No, I get it. It’s sort of like the movie is your grandchild.
ED: Yeah, it’s related to the thing that I made but not, really. It’s a totally different way of telling the story — there are a lot of really significant changes. I’m a huge fan of queer film anyway, Cam is a queer film aficionado, for various reasons, in the book, just to try to find versions of herself that she thinks she can be. So just to have this awesome teen queer movie made out of the book, it still feels really unreal — in the best way.
You’ve said in other interviews that you were inspired by the story of Zach Stark, a teen whose social media posts about being forced into a conversion therapy program became a national news story. And you did a little research into these programs while you were writing. But after the book came out, did you hear from more survivors of conversion therapy?
ED: I’ve heard from some. Mostly emails, but not really from people that have gone to camps or residential programs. More so people that were, through their parents, or sometimes through themselves, working with a youth pastor one-on-one. So I have gotten some of those stories. But not really people that were necessarily in residential programs, not that as much. Some people that have gone to camps.
I did not, myself, go to conversion therapy, but I did grow up Christian and then for a few years in high school sort of considered myself an Evangelical in rural Montana. So I was in the youth group, I was in the prayer group and I was queer. I was a closeted queer kid. So I did spend a lot of time thinking about how hopefully God would help me rid this thing from myself. So there are definitely autobiographical elements [in the novel], but I’ve always been really careful to say I did not go to conversion therapy. I think that’s important to make clear.

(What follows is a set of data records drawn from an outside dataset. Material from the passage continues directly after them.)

section \<open>Convergence of traces from convergence of transforms\<close>

lemma integrable_continuous_comp_mult:
  fixes \<phi> g :: "'a \<Rightarrow> real"
  assumes \<phi>: "\<phi> \<in> borel_measurable M" "\<And>x. \<phi> x \<in> {0..1}"
    and f: "continuous_on {0..1} f" and g: "integrable M g"
  shows "integrable M (\<lambda>x. f (\<phi> x) * g x)"
proof -
  obtain K where K: "\<forall>y\<in>{0..1}. \<bar>f y\<bar> \<le> K"
    using compact_imp_bounded[OF compact_continuous_image[OF f compact_Icc]]
    unfolding bounded_iff by auto
  have clamp: "continuous_on UNIV (\<lambda>y. f (max 0 (min 1 y)))"
    by (rule continuous_on_compose2[OF f]) (auto intro!: continuous_intros)
  have "(\<lambda>x. f (\<phi> x)) = (\<lambda>x. f (max 0 (min 1 (\<phi> x))))"
    using \<phi>(2) by (intro ext) (simp add: max_absorb2 min_absorb2)
  then have "(\<lambda>x. f (\<phi> x)) \<in> borel_measurable M"
    using borel_measurable_continuous_on[OF clamp \<phi>(1)] by simp
  then have meas: "(\<lambda>x. f (\<phi> x) * g x) \<in> borel_measurable M"
    using borel_measurable_integrable[OF g] by simp
  show ?thesis
  proof (rule Bochner_Integration.integrable_bound[OF integrable_mult_right[OF integrable_abs[OF g]] meas])
    show "AE x in M. norm (f (\<phi> x) * g x) \<le> norm (K * \<bar>g x\<bar>)"
    proof (intro AE_I2)
      fix x
      have "\<bar>f (\<phi> x)\<bar> \<le> \<bar>K\<bar>" using K \<phi>(2)[of x] by fastforce
      then show "norm (f (\<phi> x) * g x) \<le> norm (K * \<bar>g x\<bar>)"
        by (simp add: abs_mult mult_right_mono)
    qed
  qed
qed

lemma integral_polynomial_comp_mult:
  fixes \<phi> g :: "'a \<Rightarrow> real"
  assumes "\<And>i. integrable M (\<lambda>x. \<phi> x ^ i * g x)"
  shows "(\<integral>x. (\<Sum>i\<le>N. a i * \<phi> x ^ i) * g x \<partial>M) = (\<Sum>i\<le>N. a i * (\<integral>x. \<phi> x ^ i * g x \<partial>M))"
proof -
  have "(\<integral>x. (\<Sum>i\<le>N. a i * \<phi> x ^ i) * g x \<partial>M) = (\<integral>x. (\<Sum>i\<le>N. a i * (\<phi> x ^ i * g x)) \<partial>M)"
    by (simp add: sum_distrib_right mult.assoc)
  also have "\<dots> = (\<Sum>i\<le>N. \<integral>x. a i * (\<phi> x ^ i * g x) \<partial>M)"
    by (rule Bochner_Integration.integral_sum) (intro integrable_mult_right assms)
  also have "\<dots> = (\<Sum>i\<le>N. a i * (\<integral>x. \<phi> x ^ i * g x \<partial>M))"
    by simp
  finally show ?thesis .
qed

lemma integral_continuous_comp_mult_diff_le:
  fixes \<phi> g :: "'a \<Rightarrow> real"
  assumes \<phi>: "\<phi> \<in> borel_measurable M" "\<And>x. \<phi> x \<in> {0..1}"
    and f: "continuous_on {0..1} f" and p: "continuous_on {0..1} p"
    and close: "\<And>y. y \<in> {0..1} \<Longrightarrow> \<bar>f y - p y\<bar> \<le> \<epsilon>"
    and g: "integrable M g" "\<And>x. 0 \<le> g x"
  shows "\<bar>(\<integral>x. f (\<phi> x) * g x \<partial>M) - (\<integral>x. p (\<phi> x) * g x \<partial>M)\<bar> \<le> \<epsilon> * (\<integral>x. g x \<partial>M)"
proof -
  note int = integrable_continuous_comp_mult[OF \<phi> _ g(1)]
  have "\<bar>(\<integral>x. f (\<phi> x) * g x \<partial>M) - (\<integral>x. p (\<phi> x) * g x \<partial>M)\<bar>
      = norm (\<integral>x. (f (\<phi> x) - p (\<phi> x)) * g x \<partial>M)"
    using int[OF f] int[OF p] by (simp add: left_diff_distrib)
  also have "\<dots> \<le> (\<integral>x. norm ((f (\<phi> x) - p (\<phi> x)) * g x) \<partial>M)"
    by (rule integral_norm_bound)
  also have "\<dots> \<le> (\<integral>x. \<epsilon> * g x \<partial>M)"
  proof (rule integral_mono)
    show "integrable M (\<lambda>x. norm ((f (\<phi> x) - p (\<phi> x)) * g x))"
      using int[OF f] int[OF p] by (simp add: left_diff_distrib)
    show "norm ((f (\<phi> x) - p (\<phi> x)) * g x) \<le> \<epsilon> * g x" for x
      using close[OF \<phi>(2)] g(2) by (simp add: abs_mult mult_right_mono)
  qed (use g(1) in simp)
  finally show ?thesis by simp
qed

Cam would be in her late 30s now — what do you hope for her adulthood? What do you hope happened to her?
ED: I hope she made it, you know? I think the ending has a certain level of openness and ambiguity but there’s a real hope there, a real hopefulness. But I think she has a lot of things stacked against her. [Cam and her friends are] together and they’ve made this choice, and they’ve found each other, which is an experience so many queer people have. They’ve found this queer family, and they’re doing this thing together but they’re essentially homeless. They’re homeless queer teens in the early ‘90s. So I think there are a lot of things stacked against her but I think that she’s made it.

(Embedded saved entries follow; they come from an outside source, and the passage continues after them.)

(* Let $(X_n)_{n\ge0}$ be a Markov chain on $\mathbb Z_+$ with transition matrix $P$. Assume that for every $i\in\mathbb Z_+$ there is a positive non-increasing function $g_i$ on $\mathbb Z_+$ such that $g_i(X_n)$ is a supermartingale (i.e. $\sum_k P(j,k)g_i(k)\le g_i(j)$ for all $j\in\mathbb Z_+$), and that $$p_1:=\sup_{i\ge1}\frac{g_i(i)}{g_i(i-1)}<1,\qquad p_2:=\inf_{i\ge0}\mathbb P_i\{X_1\ge i+1\}>0.$$ Then there exists $\gamma>0$ such that $\sup_{i\in\mathbb Z_+}\mathbb E_ie^{\gamma\ell(i)}<\infty$.
   Context: $\mathbb P_i,\mathbb E_i$ denote probability and expectation given $X_0=i$; the local time at $i$ is $\ell(i):=\sum_{n=0}^\infty\mathbf 1\{X_n=i\}$. *)

theory Defs
  imports "HOL-Probability.Probability"
begin

definition stochastic_matrix :: "(nat \<Rightarrow> nat \<Rightarrow> real) \<Rightarrow> bool" where
  "stochastic_matrix P \<longleftrightarrow> (\<forall>j k. 0 \<le> P j k) \<and> (\<forall>j. (\<lambda>k. P j k) sums 1)"

fun path_weight :: "(nat \<Rightarrow> nat \<Rightarrow> real) \<Rightarrow> nat \<Rightarrow> nat list \<Rightarrow> real" where
  "path_weight P x [] = 1"
| "path_weight P x (y # ys) = P x y * path_weight P y ys"

text \<open>Under the probability measure M, the process X (X n : state at time n) is a Markov
  chain with transition matrix P started at X 0 = i: its finite-dimensional distributions
  are the ones of the chain.\<close>
definition markov_chain_from ::
  "(nat \<Rightarrow> nat \<Rightarrow> real) \<Rightarrow> 'a measure \<Rightarrow> (nat \<Rightarrow> 'a \<Rightarrow> nat) \<Rightarrow> nat \<Rightarrow> bool" where
  "markov_chain_from P M X i \<longleftrightarrow>
     prob_space M \<and> (\<forall>n. X n \<in> M \<rightarrow>\<^sub>M count_space UNIV) \<and>
     (\<forall>xs. measure M {\<omega> \<in> space M. \<forall>j < length xs. X j \<omega> = xs ! j} =
        (case xs of [] \<Rightarrow> 1 | x # ys \<Rightarrow> (if x = i then path_weight P x ys else 0)))"

definition local_time :: "(nat \<Rightarrow> 'a \<Rightarrow> nat) \<Rightarrow> nat \<Rightarrow> 'a \<Rightarrow> enat" where
  "local_time X i \<omega> = (if finite {n. X n \<omega> = i} then enat (card {n. X n \<omega> = i}) else \<infinity>)"

definition exp_enat :: "real \<Rightarrow> enat \<Rightarrow> ennreal" where
  "exp_enat \<gamma> l = (case l of enat m \<Rightarrow> ennreal (exp (\<gamma> * real m)) | \<infinity> \<Rightarrow> \<infinity>)"

end

theory Submission
  imports Defs
begin

text \<open>
  Fix a state i. Started above i, the chain hits i with probability at most g_i(i+1)/g_i(i)
  \<le> p_1, because g_i stopped at the hitting time of i is a positive supermartingale which is
  non-increasing in the state. Hence, once at i, the chain jumps above i with probability
  \<ge> p_2 and then fails to come back with probability \<ge> 1 - p_1: every return to i happens
  with probability at most q = 1 - p_2 (1 - p_1) < 1, uniformly in i. By the Markov property
  at successive visits, \<P>_i{\<ell>(i) > m} \<le> q^m, and any \<gamma> > 0 with e^\<gamma> q < 1 works.
\<close>

subsection \<open>Path probabilities\<close>

lemma stochastic_matrix_nonneg: "stochastic_matrix P \<Longrightarrow> 0 \<le> P j k"
  unfolding stochastic_matrix_def by auto

lemma stochastic_matrix_sums: "stochastic_matrix P \<Longrightarrow> (\<lambda>k. P j k) sums 1"
  unfolding stochastic_matrix_def by auto

lemma nn_integral_stochastic_row:
  assumes "stochastic_matrix P"
  shows "(\<integral>\<^sup>+ y. ennreal (P x y) \<partial>count_space UNIV) = 1"
  using stochastic_matrix_sums[OF assms, of x] stochastic_matrix_nonneg[OF assms]
  by (simp add: nn_integral_count_space_nat suminf_ennreal2 sums_iff)

lemma summable_stochastic_row_mult:
  assumes P: "stochastic_matrix P" and "\<And>k. 0 \<le> G k" "\<And>k. G k \<le> B"
  shows "summable (\<lambda>k. P j k * G k)"
proof (rule summable_comparison_test)
  show "summable (\<lambda>k. P j k * B)"
    using stochastic_matrix_sums[OF P] by (intro summable_mult2) (auto simp: sums_iff)
  show "\<exists>N. \<forall>n\<ge>N. norm (P j n * G n) \<le> P j n * B"
    using stochastic_matrix_nonneg[OF P] assms(2,3) by (auto intro!: mult_left_mono)
qed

I don’t want to be too prescriptive about what I think that means but I think she’s happy and she’s living a life that fulfills her, an out-queer life that fulfills her. I’d like to think that she’s still friends with Jane and Adam. That, to me, is more important than where she is or what her job is — that they’ve all made it.

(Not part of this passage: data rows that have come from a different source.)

(* In the setting below: (i) $(e_j)$ is a normalized monotone basis of $Z$; (ii) if $(u_j)$ is boundedly complete, then so is $(e_j)$; (iii) for every $\sum_ia_ie_i\in Z$ the series $\sum_ia_ix_i$ converges in $X$, and the map $Q:Z\to X$, $Q(\sum_ja_je_j)=\sum_ja_jx_j$, is a quotient map with $\|Q\|\le1$ such that $B_X\subseteq Q((1+\varepsilon)B_Z)$ for every $\varepsilon>0$.
   Context: Setting: $X$ is a separable Banach space, $(x_n)$ a sequence in $S_X$ such that $\{\pm x_n\}$ is dense in $S_X$; $U$ is a Banach space with a normalized $1$-unconditional basis $(u_n)$. For finite $I,J\subseteq\mathbb N$, $I<J$ means $\max I<\min J$. On $c_{00}$ with unit vectors $(e_i)$ define, for $a=\sum_ia_ie_i$, $$\|a\|_Z=\max\left\{\left\|\sum_{j=1}^k\Big\|\sum_{i\in I_j}a_ix_i\Big\|_Xu_{\min I_j}\right\|_U: k\in\mathbb N,\ I_1<\dots<I_k\text{ intervals in }\mathbb N\right\},$$ and let $Z$ be the completion of $c_{00}$ under this norm. *)

theory Defs
  imports "HOL-Analysis.Analysis"
begin

definition schauder_basis :: "(nat \<Rightarrow> 'a::real_normed_vector) \<Rightarrow> bool" where
  "schauder_basis b \<longleftrightarrow> (\<forall>y. \<exists>!c. (\<lambda>n. c n *\<^sub>R b n) sums y)"

definition normalized :: "(nat \<Rightarrow> 'a::real_normed_vector) \<Rightarrow> bool" where
  "normalized b \<longleftrightarrow> (\<forall>n. norm (b n) = 1)"

text \<open>Monotone basis: basis constant 1, i.e. the partial sum projections have norm at most 1.\<close>
definition monotone_basis :: "(nat \<Rightarrow> 'a::real_normed_vector) \<Rightarrow> bool" where
  "monotone_basis b \<longleftrightarrow> schauder_basis b \<and>
     (\<forall>a m n. m \<le> n \<longrightarrow> norm (\<Sum>i<m. a i *\<^sub>R b i) \<le> norm (\<Sum>i<n. a i *\<^sub>R b i))"

definition one_unconditional_basis :: "(nat \<Rightarrow> 'a::real_normed_vector) \<Rightarrow> bool" where
  "one_unconditional_basis b \<longleftrightarrow> schauder_basis b \<and>
     (\<forall>a s N. (\<forall>i. s i = 1 \<or> s i = -1) \<longrightarrow>
        norm (\<Sum>i<N. (s i * a i) *\<^sub>R b i) = norm (\<Sum>i<N. a i *\<^sub>R b i))"

definition boundedly_complete :: "(nat \<Rightarrow> 'a::real_normed_vector) \<Rightarrow> bool" where
  "boundedly_complete b \<longleftrightarrow>
     (\<forall>a. bounded (range (\<lambda>n. \<Sum>i<n. a i *\<^sub>R b i)) \<longrightarrow> summable (\<lambda>i. a i *\<^sub>R b i))"

text \<open>A list of pairs (m_j, n_j) encodes intervals I_j = {m_j..n_j} with I_1 < ... < I_k.\<close>
definition interval_list :: "(nat \<times> nat) list \<Rightarrow> bool" where
  "interval_list Is \<longleftrightarrow> (\<forall>j<length Is. fst (Is!j) \<le> snd (Is!j)) \<and>
     (\<forall>j. Suc j < length Is \<longrightarrow> snd (Is!j) < fst (Is!Suc j))"

text \<open>The norm of Z on finitely supported scalar sequences a.\<close>
definition Znorm :: "(nat \<Rightarrow> 'x::real_normed_vector) \<Rightarrow> (nat \<Rightarrow> 'u::real_normed_vector)
    \<Rightarrow> (nat \<Rightarrow> real) \<Rightarrow> real" where
  "Znorm x u a = Sup {norm (\<Sum>j<length Is.
       norm (\<Sum>i\<in>{fst (Is!j)..snd (Is!j)}. a i *\<^sub>R x i) *\<^sub>R u (fst (Is!j))) | Is. interval_list Is}"

end

theory Submission
  imports Defs
begin

text \<open>Testing the norm of Z on the single interval [m, n) gives
  \<open>\<parallel>\<Sum>m\<le>i<n. a_i x_i\<parallel> \<le> \<parallel>\<Sum>m\<le>i<n. a_i e_i\<parallel>\<close>, and shrinking interval families shows that the
  partial sums of (e_i) grow monotonically; together with the density of its span this makes
  (e_i) a monotone basis, and e_i \<mapsto> x_i extends to a contraction Q : Z \<rightarrow> X.
  Since the \<plusminus>x_n are dense in the sphere, every y is within \<eta>\<parallel>y\<parallel> of Q z for some z with
  \<parallel>z\<parallel> = \<parallel>y\<parallel>, and iterating such approximate lifts yields exact lifts of norm at most
  \<parallel>y\<parallel> / (1 - \<eta>).
  If (u_j) is boundedly complete and \<Sum> a_i e_i had bounded but non-Cauchy partial sums, one could
  choose successive blocks of intervals, each contributing at least r/4 to the norm of Z; their
  vectors in U have disjoint supports and bounded partial sums, so they would have to tend to 0.\<close>

section \<open>Monotone bases from dense spans\<close>

lemma sum_lessThan_finite_support:
  fixes a :: "nat \<Rightarrow> real" and e :: "nat \<Rightarrow> 'a::real_vector"
  shows "\<forall>i\<ge>N. a i = 0 \<Longrightarrow> N \<le> K \<Longrightarrow> (\<Sum>i<K. a i *\<^sub>R e i) = (\<Sum>i<N. a i *\<^sub>R e i)"
  by (rule sum.mono_neutral_right) auto

lemma span_range_finite_expansion:
  fixes e :: "nat \<Rightarrow> 'a::real_vector"
  assumes "w \<in> span (range e)"
  shows "\<exists>a N. (\<forall>i\<ge>N. a i = 0) \<and> w = (\<Sum>i<N. a i *\<^sub>R e i)"
proof -
  let ?E = "{w. \<exists>a N. (\<forall>i\<ge>N. a i = 0) \<and> w = (\<Sum>i<N. a i *\<^sub>R e i)}"
  have "span (range e) \<subseteq> ?E"
  proof (rule span_minimal)
    show "range e \<subseteq> ?E"
    proof
      fix w assume "w \<in> range e"
      then obtain n where "w = e n" by auto
      moreover have "(\<Sum>i<Suc n. (if i = n then 1 else 0) *\<^sub>R e i) = e n"
        by (simp add: if_distrib cong: if_cong)
      ultimately show "w \<in> ?E"
        by (intro CollectI exI[of _ "\<lambda>i. if i = n then 1 else 0"] exI[of _ "Suc n"]) auto
    qed
    show "subspace ?E" unfolding subspace_def
    proof (intro conjI ballI allI)
      show "0 \<in> ?E" by (intro CollectI exI[of _ "\<lambda>i. 0"] exI[of _ 0]) auto
    next
      fix v w assume "v \<in> ?E" "w \<in> ?E"
      then obtain a N b M where ab: "\<forall>i\<ge>N. a i = 0" "v = (\<Sum>i<N. a i *\<^sub>R e i)"
        "\<forall>i\<ge>M. b i = 0" "w = (\<Sum>i<M. b i *\<^sub>R e i)" by auto
      have "v + w = (\<Sum>i<max N M. (a i + b i) *\<^sub>R e i)"
        using sum_lessThan_finite_support[OF ab(1), of "max N M" e]
          sum_lessThan_finite_support[OF ab(3), of "max N M" e] ab
        by (simp add: scaleR_add_left sum.distrib)
      then show "v + w \<in> ?E"
        using ab by (intro CollectI exI[of _ "\<lambda>i. a i + b i"] exI[of _ "max N M"]) auto
    next
      fix c :: real and v assume "v \<in> ?E"
      then obtain a N where a: "\<forall>i\<ge>N. a i = 0" "v = (\<Sum>i<N. a i *\<^sub>R e i)" by auto
      then have "c *\<^sub>R v = (\<Sum>i<N. (c * a i) *\<^sub>R e i)" by (simp add: scaleR_sum_right)
      then show "c *\<^sub>R v \<in> ?E"
        using a by (intro CollectI exI[of _ "\<lambda>i. c * a i"] exI[of _ N]) auto
    qed
  qed
  with assms show ?thesis by blast
qed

I saw on Twitter that you’re working on a new novel, what can you tell me about it?
ED: I am, it’s a ghost story. It has a significant historical storyline that takes place at a turn-of-the-20th-century boarding school in Rhode Island. And it’s also about the making of a somewhat controversial queer teen movie but I swear to god I was working on this before [the film version of The Miseducation of Cameron Post]. But it’s part contemporary and then it’s got this whole historical storyline. I haven’t done my elevator pitch yet, so I should probably work on one.